DE2529448C2 - Circuit arrangement for converting NRZ signals into RZ signals, in particular for synchronous time division multiplexing - Google Patents

Description

When processing digital signals, the information is generally available as NRZ signals at the output of a circuit, since it is mostly used as an output stage a flip-flop is used as a buffer to maintain a fixed relationship between information bits and To ensure clock pulses. For some applications it is necessary to use the NRZ signals to convert further processing into data center signals.

From Electronics 1971.11. October, page 85 are NRZ- and RZ formats known for signals

One possible case of converting NRZ signals into RZ signals is e.g. B. the combination of two synchronous information flows of speed v, to a resulting information flow Φ2 according to

v ₂ = 2v ,.

If the time division multiplexing with bit-by-bit interleaving is used for the combination, an OR gate with two inputs is sufficient as a multiplexer with existing RZ signals if the RZ signals have a phase shift of π to one another.

Previously known methods for producing the RZ signals use AND gates to convert the NRZ signals into RZ signals, at one input of which the NRZ signals and at the second input either the clock or the inverse clock are applied. In this way, it is possible to produce two information flows with the same bit rate with N RZ signals, two information flows with RZ signals, whereby the phase shift of st results from the use of clock and inverted clock the data center signals cannot be easily established without further ado. As a result of the scatter with regard to the delay times of the components used, it cannot be ensured that the edges of the NRZ signals coincide exactly with clock edges. As a result, in addition to the desired RZ signals, false pulses occur which can only be avoided if the NRZ signals are corrected by suitable measures, e.g. B. via an adjustable delay line, can be shifted in time against the clock pulses (The TTL Data Book, 2nd edition, Texas Instruments Deutschland GmbH, Fig. 157 L 157 on page 318uhd Fig. S 157 on page 319).
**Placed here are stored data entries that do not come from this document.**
lemma unitaryI: "U \<in> carrier_mat n n \<Longrightarrow> mat_adjoint U * U = 1\<^sub>m n \<Longrightarrow> unitary n U"
  unfolding unitary_def using mat_mult_left_right_inverse[of "mat_adjoint U" n U] by auto

lemma unitary_carrier: "unitary n U \<Longrightarrow> U \<in> carrier_mat n n"
  unfolding unitary_def by auto

lemma unitary_one: "unitary n (1\<^sub>m n)"
  by (rule unitaryI) auto

lemma unitary_mat_adjoint: "unitary n U \<Longrightarrow> unitary n (mat_adjoint U)"
  unfolding unitary_def by auto

lemma unitary_mult:
  assumes "unitary n U" "unitary n V"
  shows "unitary n (U * V)"
proof (rule unitaryI)
  have U: "U \<in> carrier_mat n n" and V: "V \<in> carrier_mat n n"
    using assms unitary_carrier by auto
  show "U * V \<in> carrier_mat n n" using U V by auto
  have "mat_adjoint (U * V) * (U * V) = mat_adjoint V * (mat_adjoint U * (U * V))"
    using U V by (simp add: mat_adjoint_mult assoc_mult_mat[of "mat_adjoint V" n n "mat_adjoint U" n "U*V" n])
  also have "\<dots> = mat_adjoint V * ((mat_adjoint U * U) * V)"
    using U V by (simp add: assoc_mult_mat[of _ n n _ n _ n])
  also have "\<dots> = 1\<^sub>m n" using assms U V unfolding unitary_def by auto
  finally show "mat_adjoint (U * V) * (U * V) = 1\<^sub>m n" .
qed

lemma assoc_mult_mat5:
  assumes "A \<in> carrier_mat n n" "B \<in> carrier_mat n n" "C \<in> carrier_mat n n"
    "D \<in> carrier_mat n n" "E \<in> carrier_mat n n"
  shows "A * (B * C * D) * E = (A * B) * C * (D * E)"
  using assms by (simp add: assoc_mult_mat[of _ n n _ n _ n])

lemma unitary_conj_cancel:
  fixes A :: "complex mat"
  assumes "unitary n Q" "A \<in> carrier_mat n n"
  shows "Q * (mat_adjoint Q * A * Q) * mat_adjoint Q = A"
proof -
  have Q: "Q \<in> carrier_mat n n" using assms unitary_carrier by auto
  have "Q * (mat_adjoint Q * A * Q) * mat_adjoint Q = (Q * mat_adjoint Q) * A * (Q * mat_adjoint Q)"
    using assoc_mult_mat5[OF Q _ assms(2) Q] Q by simp
  also have "\<dots> = A" using assms unfolding unitary_def by simp
  finally show ?thesis .
qed

lemma cscalar_prod_sum: "(x::complex vec) \<bullet>c y = (\<Sum>k<dim_vec y. x $ k * cnj (y $ k))"
  by (simp add: scalar_prod_def atLeast0LessThan)

lemma unitary_row_norm:
  assumes "unitary n M" "i < n"
  shows "(\<Sum>j<n. (cmod (M $$ (i,j)))\<^sup>2) = 1"
proof -
  have M: "M \<in> carrier_mat n n" and MM: "M * mat_adjoint M = 1\<^sub>m n"
    using assms unfolding unitary_def by auto
  have "complex_of_real (\<Sum>j<n. (cmod (M $$ (i,j)))\<^sup>2) = (\<Sum>j<n. M $$ (i,j) * cnj (M $$ (i,j)))"
    unfolding of_real_sum complex_norm_square ..
  also have "\<dots> = (M * mat_adjoint M) $$ (i,i)" using M assms(2) by simp
  also have "\<dots> = 1" using MM assms(2) by simp
  finally show ?thesis by (simp only: of_real_eq_1_iff)
qed

lemma unitary_col_norm:
  assumes "unitary n M" "j < n"
  shows "(\<Sum>i<n. (cmod (M $$ (i,j)))\<^sup>2) = 1"
proof -
  have M: "M \<in> carrier_mat n n" and MM: "mat_adjoint M * M = 1\<^sub>m n"
    using assms unfolding unitary_def by auto
  have "complex_of_real (\<Sum>i<n. (cmod (M $$ (i,j)))\<^sup>2) = (\<Sum>i<n. M $$ (i,j) * cnj (M $$ (i,j)))"
    unfolding of_real_sum complex_norm_square ..
  also have "\<dots> = (mat_adjoint M * M) $$ (j,j)" using M assms(2) by (simp add: mult.commute)
  also have "\<dots> = 1" using MM assms(2) by simp
  finally show ?thesis by (simp only: of_real_eq_1_iff)
qed

section \<open>The spectral theorem for Hermitian matrices\<close>

lemma corthogonal_completion:
  fixes v :: "complex vec"
  assumes v: "v \<in> carrier_vec n" and v0: "v \<noteq> 0\<^sub>v n"
  shows "\<exists>ws. set ws \<subseteq> carrier_vec n \<and> corthogonal ws \<and> length ws = n \<and> hd ws = v"
proof -
  interpret cof_vec_space n "TYPE(complex)" .
  define b where "b = basis_completion v"
  from basis_completion[OF v v0, folded b_def]
  have dist_b: "distinct b" and indep: "\<not> lin_dep (set b)" and b: "set b \<subseteq> carrier_vec n"
    and hdb: "hd b = v" and len_b: "length b = n" by auto
  have n: "n \<noteq> 0" using v v0 by auto
  from hdb len_b n obtain vs where bv: "b = v # vs" by (cases b, auto)
  define ws where "ws = gram_schmidt n b"
  from gram_schmidt_result[OF b dist_b indep refl, folded ws_def]
  have ws: "set ws \<subseteq> carrier_vec n" "corthogonal ws" "length ws = n" by (auto simp: len_b)
  from gram_schmidt_hd[OF v, of vs, folded bv] have "hd ws = v" unfolding ws_def .
  with ws show ?thesis by blast
qed

definition vec_normalize :: "complex vec \<Rightarrow> complex vec" where
  "vec_normalize w = complex_of_real (1 / sqrt (\<Sum>k<dim_vec w. (cmod (w $ k))\<^sup>2)) \<cdot>\<^sub>v w"

lemma vec_normalize_carrier[simp]: "w \<in> carrier_vec n \<Longrightarrow> vec_normalize w \<in> carrier_vec n"
  by (simp add: vec_normalize_def)

lemma index_vec_normalize:
  "k < dim_vec w \<Longrightarrow>
   vec_normalize w $ k = complex_of_real (1 / sqrt (\<Sum>k<dim_vec w. (cmod (w $ k))\<^sup>2)) * w $ k"
  by (simp add: vec_normalize_def)

lemma unitary_mat_of_normalized_cols:
  assumes ws: "set ws \<subseteq> carrier_vec n" "corthogonal ws" "length ws = n"
  shows "unitary n (mat_of_cols n (map vec_normalize ws))" (is "unitary n ?W")
proof (rule unitaryI)
  show W: "?W \<in> carrier_mat n n" using ws by auto
  show "mat_adjoint ?W * ?W = 1\<^sub>m n"
  proof (rule eq_matI)
    fix i j assume "i < dim_row (1\<^sub>m n)" and "j < dim_col (1\<^sub>m n)"
    hence i: "i < n" and j: "j < n" by auto
    have wi: "ws ! i \<in> carrier_vec n" and wj: "ws ! j \<in> carrier_vec n" using ws i j by auto
    define r where "r k = (\<Sum>l<n. (cmod (ws ! k $ l))\<^sup>2)" for k
    have "(mat_adjoint ?W * ?W) $$ (i, j) =
        (\<Sum>k<n. cnj (of_real (1/sqrt (r i)) * ws ! i $ k) * (of_real (1/sqrt (r j)) * ws ! j $ k))"
      using i j ws wi wj W unfolding r_def
      by (auto simp: mat_of_cols_def index_vec_normalize intro!: sum.cong)
    also have "\<dots> = of_real (1/sqrt (r i)) * of_real (1/sqrt (r j)) * (ws ! j \<bullet>c ws ! i)"
      unfolding cscalar_prod_sum using wi wj by (simp add: sum_distrib_left algebra_simps)
    also have "\<dots> = 1\<^sub>m n $$ (i,j)"
    proof (cases "i = j")
      case True
      have self: "ws ! i \<bullet>c ws ! i = of_real (r i)"
        using wi unfolding cscalar_prod_sum r_def of_real_sum complex_norm_square by simp
      moreover have "ws ! i \<bullet>c ws ! i \<noteq> 0" using ws(2,3) i unfolding corthogonal_def by auto
      moreover have "r i \<ge> 0" unfolding r_def by (intro sum_nonneg) auto
      ultimately have "r i > 0" by auto
      then have "(1/sqrt (r i)) * (1/sqrt (r i)) * r i = 1"
        by (simp add: field_simps real_sqrt_mult_self)
      then show ?thesis
        using True i self by (simp flip: of_real_mult)
    next
      case False
      then have "ws ! j \<bullet>c ws ! i = 0" using ws(2,3) i j unfolding corthogonal_def by auto
      then show ?thesis using False i j by simp
    qed
    finally show "(mat_adjoint ?W * ?W) $$ (i, j) = 1\<^sub>m n $$ (i,j)" .
  qed (use W in auto)
qed

definition mat_cons_diag :: "complex \<Rightarrow> complex mat \<Rightarrow> complex mat" where
  "mat_cons_diag c M = mat (Suc (dim_row M)) (Suc (dim_col M)) (\<lambda>(i,j).
     if i = 0 then (if j = 0 then c else 0) else if j = 0 then 0 else M $$ (i - 1, j - 1))"

lemma mat_cons_diag_dim[simp]:
  "dim_row (mat_cons_diag c M) = Suc (dim_row M)" "dim_col (mat_cons_diag c M) = Suc (dim_col M)"
  by (auto simp: mat_cons_diag_def)

lemma index_mat_cons_diag:
  "i < Suc (dim_row M) \<Longrightarrow> j < Suc (dim_col M) \<Longrightarrow> mat_cons_diag c M $$ (i,j) =
   (if i = 0 then (if j = 0 then c else 0) else if j = 0 then 0 else M $$ (i - 1, j - 1))"
  by (simp add: mat_cons_diag_def)

lemma mat_cons_diag_mult:
  assumes "dim_col X = dim_row Y"
  shows "mat_cons_diag a X * mat_cons_diag b Y = mat_cons_diag (a*b) (X*Y)"
proof (rule eq_matI)
  fix i j assume "i < dim_row (mat_cons_diag (a*b) (X*Y))" "j < dim_col (mat_cons_diag (a*b) (X*Y))"
  then show "(mat_cons_diag a X * mat_cons_diag b Y) $$ (i,j) = mat_cons_diag (a*b) (X*Y) $$ (i,j)"
    using assms by (cases i; cases j)
      (simp_all add: sum.lessThan_Suc_shift index_mat_cons_diag del: sum.lessThan_Suc)
qed auto

lemma mat_adjoint_mat_cons_diag:
  "mat_adjoint (mat_cons_diag c X) = mat_cons_diag (cnj c) (mat_adjoint X)"
  by (rule eq_matI) (auto simp: index_mat_cons_diag)

lemma unitary_mat_cons_diag: "unitary k U \<Longrightarrow> unitary (Suc k) (mat_cons_diag 1 U)"
proof -
  have "mat_cons_diag 1 (1\<^sub>m k) = 1\<^sub>m (Suc k)"
    by (rule eq_matI) (auto simp: index_mat_cons_diag)
  then show "unitary k U \<Longrightarrow> unitary (Suc k) (mat_cons_diag 1 U)"
    unfolding unitary_def by (auto simp: mat_adjoint_mat_cons_diag mat_cons_diag_mult)
qed

lemma diagonal_mat_cons_diag: "diagonal_mat X \<Longrightarrow> diagonal_mat (mat_cons_diag c X)"
  unfolding diagonal_mat_def by (auto simp: index_mat_cons_diag)

lemma hermitian_unitary_conj:
  fixes A U :: "complex mat"
  assumes A: "A \<in> carrier_mat n n" and H: "mat_adjoint A = A" and U: "U \<in> carrier_mat n n"
  shows "mat_adjoint (mat_adjoint U * A * U) = mat_adjoint U * A * U"
proof -
  have "mat_adjoint (mat_adjoint U * A * U) = mat_adjoint U * (mat_adjoint A * U)"
    using A U by (simp add: mat_adjoint_mult carrier_matD[OF A] carrier_matD[OF U])
  then show ?thesis using A U H by (simp add: assoc_mult_mat[of "mat_adjoint U" n n])
qed

lemma unitary_with_eigenvector_col:
  fixes A :: "complex mat"
  assumes A: "A \<in> carrier_mat (Suc k) (Suc k)"
  shows "\<exists>W e. unitary (Suc k) W \<and> A *\<^sub>v col W 0 = e \<cdot>\<^sub>v col W 0"
proof -
  let ?n = "Suc k"
  have "degree (char_poly A) = ?n" using degree_monic_char_poly[OF A] by auto
  hence "\<not> constant (poly (char_poly A))" by (simp add: constant_degree)
  then obtain e where "poly (char_poly A) e = 0" using fundamental_theorem_of_algebra by blast
  hence "eigenvalue A e" using eigenvalue_root_char_poly[OF A] by simp
  then have "eigenvector A (find_eigenvector A e) e" by (rule find_eigenvector[OF A])
  then obtain v where v: "v \<in> carrier_vec ?n" and v0: "v \<noteq> 0\<^sub>v ?n" and Av: "A *\<^sub>v v = e \<cdot>\<^sub>v v"
    unfolding eigenvector_def using A by auto
  obtain ws where ws: "set ws \<subseteq> carrier_vec ?n" "corthogonal ws" "length ws = ?n" "hd ws = v"
    using corthogonal_completion[OF v v0] by blast
  define W where "W = mat_of_cols ?n (map vec_normalize ws)"
  have "ws ! 0 = v" using ws(3,4) by (cases ws) auto
  then have "col W 0 = vec_normalize v" unfolding W_def using ws v by (subst col_mat_of_cols) auto
  then have "A *\<^sub>v col W 0 = e \<cdot>\<^sub>v col W 0"
    unfolding vec_normalize_def using A v Av
    by (simp add: mult_mat_vec[OF A] smult_smult_assoc mult.commute)
  moreover have "unitary ?n W" unfolding W_def by (rule unitary_mat_of_normalized_cols[OF ws(1-3)])
  ultimately show ?thesis by blast
qed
In DE-OS 19 48 533 a circuit arrangement is for converting a first pulse train into a second pulse train in the B-code and with the double Bit repetition rate described. The code conversion and the doubling of the bit repetition rate at the The second pulse train takes place by means of clocked AND gates.

There is another possibility of generating two pulse trains with RZ signals shifted by π

therein, the NRZ signals initially with AND gates below Use of the information clock to convert into in-phase RZ signals and the required phase shift by delaying one signal. Because this delay is generally due to digital circuits is achieved, the above-mentioned difficulties arise due to the Scattering of the components. Even when using passive components for the delay are Temperature influences, & h. Term changes, not too avoid that there is always the risk of false pulses consists

In the TTL Cookbook, Texas Instruments, 1973 is on On pages 162-164 it is stated that the delay times of components vary and are therefore special Measures, e.g. B. Delays in clock and data lines are to be met when in switchgear Malfunctions due to different delay times of individual components can be avoided should.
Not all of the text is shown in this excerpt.